text \<open>Indeed, cutting \<open>u = \<Upsilon>w\<close> off by the tent function
  gives \<open>\<Gamma>\<^sub>x(tent\<cdot>u) = c\<close> with \<open>c\<close> made of the small increments of the tent, so that
  \<open>(\<Upsilon>w)\<^sub>0 = u\<^sub>0 = (tent\<cdot>u)\<^sub>0 = (\<Upsilon>c)\<^sub>0\<close>.\<close>
lemma inverse_locality:
  fixes x :: "int \<Rightarrow> real^'d" and w :: "int \<Rightarrow> real^'d"
  assumes ci: "cont_inverse n (Gamma Df x) U" and opn: "op_norm n U \<le> M" and "0 \<le> M"
    and n: "0 < n" and K: "0 < K" and Bd: "\<forall>i. norm (Df (x i)) \<le> Bd"
    and w: "w \<in> Xn n" and supp: "\<forall>i. \<bar>i\<bar> \<le> int K \<longrightarrow> w i = 0"
  shows "norm (U w 0) \<le> M * M * Bd * Ew n 1 / real K * wnorm n w"
proof -
  have U: "bounded_op n U" and UX: "\<And>\<zeta>. \<zeta> \<in> Xn n \<Longrightarrow> U \<zeta> \<in> Xn n"
    and inv: "\<And>\<zeta>. \<zeta> \<in> Xn n \<Longrightarrow> U (Gamma Df x \<zeta>) = \<zeta> \<and> Gamma Df x (U \<zeta>) = \<zeta>"
    using ci unfolding cont_inverse_def bounded_op_def by blast+
  define u where "u = U w"
  have u: "u \<in> Xn n" "wnorm n u \<le> M * wnorm n w" "Gamma Df x u = w"
    unfolding u_def using UX[OF w] wnorm_op_le[OF U opn w] inv[OF w] by auto
  define v where "v = (\<lambda>i. tent K i *\<^sub>R u i)"
  define L where "L = (\<lambda>i. (tent K i - tent K (i - 1)) *\<^sub>R Df (x (i - 1)))"
  define c where "c = (\<lambda>i. blinfun_apply (L i) (u (i - 1)))"
  have "norm (v i) \<le> Ew n i * wnorm n u" for i
    using tent_range(1,2)[of K i] norm_le_Ew_wnorm[OF u(1), of i] unfolding v_def
    by (simp add: order_trans[OF mult_left_le_one_le])
  then have v: "v \<in> Xn n"
    by (rule Xn_wnorm_leI)
  have "norm (L i) \<le> 1 / real K * Bd" for i
    unfolding L_def using tent_increment[OF K, of i] Bd
    by (simp only: norm_scaleR) (intro mult_mono; simp)
  then have c: "c \<in> Xn n" "wnorm n c \<le> 1 / real K * Bd * Ew n 1 * wnorm n u"
    unfolding c_def using delayed_apply_Xn[OF u(1) n] by blast+
  have "tent K i *\<^sub>R w i = 0" for i
    using supp tent_outside[OF K] by (cases "\<bar>i\<bar> \<le> int K") auto
  then have "Gamma Df x v = c"
    unfolding v_def c_def L_def by (simp add: fun_eq_iff Gamma_scaleR u(3))
  then have "U w 0 = U c 0"
    using inv[OF v] tent_range(3)[of K] unfolding u_def[symmetric] v_def by auto
  also have "norm (U c 0) \<le> M * wnorm n c"
    by (rule op_at_zero_le[OF U opn c(1)])
  also have "\<dots> \<le> M * (1 / real K * Bd * Ew n 1 * (M * wnorm n w))"
  proof -
    have "0 \<le> Bd"
      using Bd norm_ge_zero order_trans by blast
    then have "1 / real K * Bd * Ew n 1 * wnorm n u \<le> 1 / real K * Bd * Ew n 1 * (M * wnorm n w)"
      using u(2) Ew_pos[of n 1] by (intro mult_left_mono) auto
    then show ?thesis
      using c(2) \<open>0 \<le> M\<close> by (intro mult_left_mono) auto
  qed
  finally show ?thesis
    by (simp add: field_simps)
qed

text \<open>Writing \<open>e\<close> for \<open>\<eta>\<close> shifted by \<open>j\<close>, the shifted \<open>\<Gamma>\<^sub>y\<eta>\<close> equals \<open>\<Gamma>\<^sub>xe + w\<^sub>1 + w\<^sub>2\<close> with
  \<open>w\<^sub>1\<close> small (the window part) and \<open>w\<^sub>2\<close> vanishing on the window; hence
  \<open>(\<Upsilon> (\<Gamma>\<^sub>y\<eta>)(\<cdot>+j))\<^sub>0\<close> differs from \<open>\<eta>\<^sub>j\<close> by \<open>O(\<epsilon> + 1/K)\<close>, by \<open>inverse_locality\<close>.\<close>
lemma local_inverse_estimate:
  fixes x y \<eta> :: "int \<Rightarrow> real^'d"
  assumes ci: "cont_inverse n (Gamma Df x) U" and opn: "op_norm n U \<le> M" and M: "0 \<le> M"
    and n: "0 < n" and K: "0 < K" and Bd: "\<forall>z. norm (Df z) \<le> Bd"
    and close: "\<forall>i. \<bar>i\<bar> \<le> int K + 1 \<longrightarrow> norm (Df (x i) - Df (y (i + j))) \<le> \<epsilon>"
    and \<eta>: "\<eta> \<in> Xn n"
  shows "norm (U (\<lambda>i. Gamma Df y \<eta> (i + j)) 0 - \<eta> j)
          \<le> (M * \<epsilon> * Ew n 1 + 2 * M * M * Bd * Bd * (Ew n 1)\<^sup>2 / real K) * (Ew n j * wnorm n \<eta>)"
proof -
  have U: "bounded_op n U"
    and add: "\<And>a b. a \<in> Xn n \<Longrightarrow> b \<in> Xn n \<Longrightarrow> U (\<lambda>k. a k + b k) = (\<lambda>k. U a k + U b k)"
    and GX: "\<And>\<zeta>. \<zeta> \<in> Xn n \<Longrightarrow> Gamma Df x \<zeta> \<in> Xn n"
    and inv: "\<And>\<zeta>. \<zeta> \<in> Xn n \<Longrightarrow> U (Gamma Df x \<zeta>) = \<zeta>"
    using ci unfolding cont_inverse_def bounded_op_def by blast+
  have "norm (Df (x 0) - Df (y (0 + j))) \<le> \<epsilon>"
    using close[rule_format, of 0] by simp
  then have \<epsilon>: "0 \<le> \<epsilon>"
    by (meson norm_ge_zero order_trans)
  have Bd0: "0 \<le> Bd"
    using Bd norm_ge_zero order_trans by blast
  define e where "e = (\<lambda>i. \<eta> (i + j))"
  have e: "e \<in> Xn n" "wnorm n e \<le> Ew n j * wnorm n \<eta>"
    unfolding e_def using shift_Xn[OF \<eta> n] by auto
  define D where "D = (\<lambda>i. Df (x (i - 1)) - Df (y (i - 1 + j)))"
  define L1 where "L1 = (\<lambda>i. if \<bar>i\<bar> \<le> int K then D i else 0)"
  define L2 where "L2 = (\<lambda>i. if \<bar>i\<bar> \<le> int K then 0 else D i)"
  define w1 where "w1 = (\<lambda>i. blinfun_apply (L1 i) (e (i - 1)))"
  define w2 where "w2 = (\<lambda>i. blinfun_apply (L2 i) (e (i - 1)))"
  have "norm (L1 i) \<le> \<epsilon>" for i
  proof (cases "\<bar>i\<bar> \<le> int K")
    case True
    then have "\<bar>i - 1\<bar> \<le> int K + 1"
      by simp
    then have "norm (Df (x (i - 1)) - Df (y (i - 1 + j))) \<le> \<epsilon>"
      using close by blast
    then show ?thesis
      using True unfolding L1_def D_def by simp
  next
    case False
    then show ?thesis
      using \<epsilon> unfolding L1_def by simp
  qed
  then have w1: "w1 \<in> Xn n" "wnorm n w1 \<le> \<epsilon> * Ew n 1 * wnorm n e"
    unfolding w1_def using delayed_apply_Xn[OF e(1) n] by blast+
  have "norm (L2 i) \<le> 2 * Bd" for i
  proof -
    have "norm (D i) \<le> norm (Df (x (i - 1))) + norm (Df (y (i - 1 + j)))"
      unfolding D_def by (rule norm_triangle_ineq4)
    also have "\<dots> \<le> 2 * Bd"
      using Bd[rule_format, of "x (i - 1)"] Bd[rule_format, of "y (i - 1 + j)"] by linarith
    finally show ?thesis
      unfolding L2_def using Bd0 by simp
  qed
  then have w2: "w2 \<in> Xn n" "wnorm n w2 \<le> 2 * Bd * Ew n 1 * wnorm n e"
    unfolding w2_def using delayed_apply_Xn[OF e(1) n] by blast+
  have "(\<lambda>i. Gamma Df y \<eta> (i + j)) = (\<lambda>i. (\<lambda>i. Gamma Df x e i + w1 i) i + w2 i)"
  proof
    fix i
    have w12: "w1 i + w2 i = blinfun_apply (D i) (e (i - 1))"
      unfolding w1_def w2_def L1_def L2_def by simp
    have ij: "i + j - 1 = i - 1 + j"
      by simp
    show "Gamma Df y \<eta> (i + j) = Gamma Df x e i + w1 i + w2 i"
      unfolding add.assoc w12 unfolding Gamma_def D_def e_def ij blinfun.diff_left by simp
  qed
  then have split: "U (\<lambda>i. Gamma Df y \<eta> (i + j)) 0 - \<eta> j = U w1 0 + U w2 0"
    using add[OF Xn_add[OF GX[OF e(1)] w1(1)] w2(1)] add[OF GX[OF e(1)] w1(1)] inv[OF e(1)]
    unfolding e_def by simp
  have bound1: "norm (U w1 0) \<le> M * (\<epsilon> * Ew n 1 * wnorm n e)"
    using op_at_zero_le[OF U opn w1(1)] w1(2) M by (meson mult_left_mono order_trans)
  have bound2: "norm (U w2 0) \<le> M * M * Bd * Ew n 1 / real K * (2 * Bd * Ew n 1 * wnorm n e)"
  proof -
    have "\<forall>i. \<bar>i\<bar> \<le> int K \<longrightarrow> w2 i = 0"
      unfolding w2_def L2_def by simp
    then have "norm (U w2 0) \<le> M * M * Bd * Ew n 1 / real K * wnorm n w2"
      using inverse_locality[OF ci opn M n K _ w2(1)] Bd by blast
    moreover have "0 \<le> M * M * Bd * Ew n 1 / real K"
      using M Bd0 Ew_pos[of n 1] by simp
    ultimately show ?thesis
      using w2(2) by (meson mult_left_mono order_trans)
  qed
  have "norm (U (\<lambda>i. Gamma Df y \<eta> (i + j)) 0 - \<eta> j) \<le> norm (U w1 0) + norm (U w2 0)"
    unfolding split by (rule norm_triangle_ineq)
  also have "\<dots> \<le> M * (\<epsilon> * Ew n 1 * wnorm n e) + M * M * Bd * Ew n 1 / real K * (2 * Bd * Ew n 1 * wnorm n e)"
    using bound1 bound2 by (rule add_mono)
  also have "\<dots> = (M * \<epsilon> * Ew n 1 + 2 * M * M * Bd * Bd * (Ew n 1)\<^sup>2 / real K) * wnorm n e"
    by (simp add: field_simps power2_eq_square)
  also have "\<dots> \<le> (M * \<epsilon> * Ew n 1 + 2 * M * M * Bd * Bd * (Ew n 1)\<^sup>2 / real K) * (Ew n j * wnorm n \<eta>)"
    using e(2) M \<epsilon> Bd0 Ew_pos[of n 1] by (intro mult_left_mono) auto
  finally show ?thesis .
qed

lemma derivative_shadowing:
  assumes C1: "C1a_torus_diffeo f Df" and "\<epsilon> > 0"
  shows "\<exists>\<delta>>0. \<forall>y j z. pseudo_orbit f \<delta> y \<and> tdist z (y j) < \<delta> \<longrightarrow>
           (\<forall>i. \<bar>i\<bar> \<le> int N \<longrightarrow> norm (Df (orbit f z i) - Df (y (i + j))) \<le> \<epsilon>)"
proof -
  obtain \<rho> where \<rho>: "\<rho> > 0" "\<forall>a b. tdist a b < \<rho> \<longrightarrow> norm (Df a - Df b) \<le> \<epsilon>"
    using Df_uniformly_close[OF assms] by blast
  obtain \<delta> where "\<delta> > 0" and \<delta>: "\<forall>y j z. pseudo_orbit f \<delta> y \<and> tdist z (y j) < \<delta> \<longrightarrow>
           (\<forall>i. \<bar>i\<bar> \<le> int N \<longrightarrow> tdist (orbit f z i) (y (j + i)) < \<rho>)"
    using orbit_shadowing[OF C1 \<rho>(1)] by blast
  have "norm (Df (orbit f z i) - Df (y (i + j))) \<le> \<epsilon>"
    if "pseudo_orbit f \<delta> y" "tdist z (y j) < \<delta>" "\<bar>i\<bar> \<le> int N" for y j z i
  proof -
    have "tdist (orbit f z i) (y (j + i)) < \<rho>"
      using \<delta> that by blast
    then show ?thesis
      using \<rho>(2) by (simp add: add.commute)
  qed
  then show ?thesis
    using \<open>\<delta> > 0\<close> by blast
qed

lemma choose_local_inverses:
  assumes "\<forall>j. \<exists>z\<in>Lstar f Df n m \<Lambda>. tdist (y j) z < \<delta>"
  obtains z Us where "\<And>j. tdist (z j) (y j) < \<delta>"
    and "\<And>j. cont_inverse n (Gamma Df (orbit f (z j))) (Us j) \<and> op_norm n (Us j) \<le> real m"
proof -
  have "\<forall>j. \<exists>z. tdist z (y j) < \<delta> \<and> (\<exists>U. cont_inverse n (Gamma Df (orbit f z)) U \<and> op_norm n U \<le> real m)"
    using assms tdist_sym unfolding Lstar_def by blast
  then obtain z where "\<And>j. tdist (z j) (y j) < \<delta>"
      and "\<forall>j. \<exists>U. cont_inverse n (Gamma Df (orbit f (z j))) U \<and> op_norm n U \<le> real m"
    by metis
  moreover then obtain Us where
      "\<And>j. cont_inverse n (Gamma Df (orbit f (z j))) (Us j) \<and> op_norm n (Us j) \<le> real m"
    by metis
  ultimately show ?thesis
    using that by blast
qed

● **What the exercise asks**: Return only the part of the records above that opens with the line containing "n w2 \<le> 2" and closes with the line containing "unfolding w1_def w2_def", ends included.

● **Solution**:
  then have w2: "w2 \<in> Xn n" "wnorm n w2 \<le> 2 * Bd * Ew n 1 * wnorm n e"
    unfolding w2_def using delayed_apply_Xn[OF e(1) n] by blast+
  have "(\<lambda>i. Gamma Df y \<eta> (i + j)) = (\<lambda>i. (\<lambda>i. Gamma Df x e i + w1 i) i + w2 i)"
  proof
    fix i
    have w12: "w1 i + w2 i = blinfun_apply (D i) (e (i - 1))"
      unfolding w1_def w2_def L1_def L2_def by simp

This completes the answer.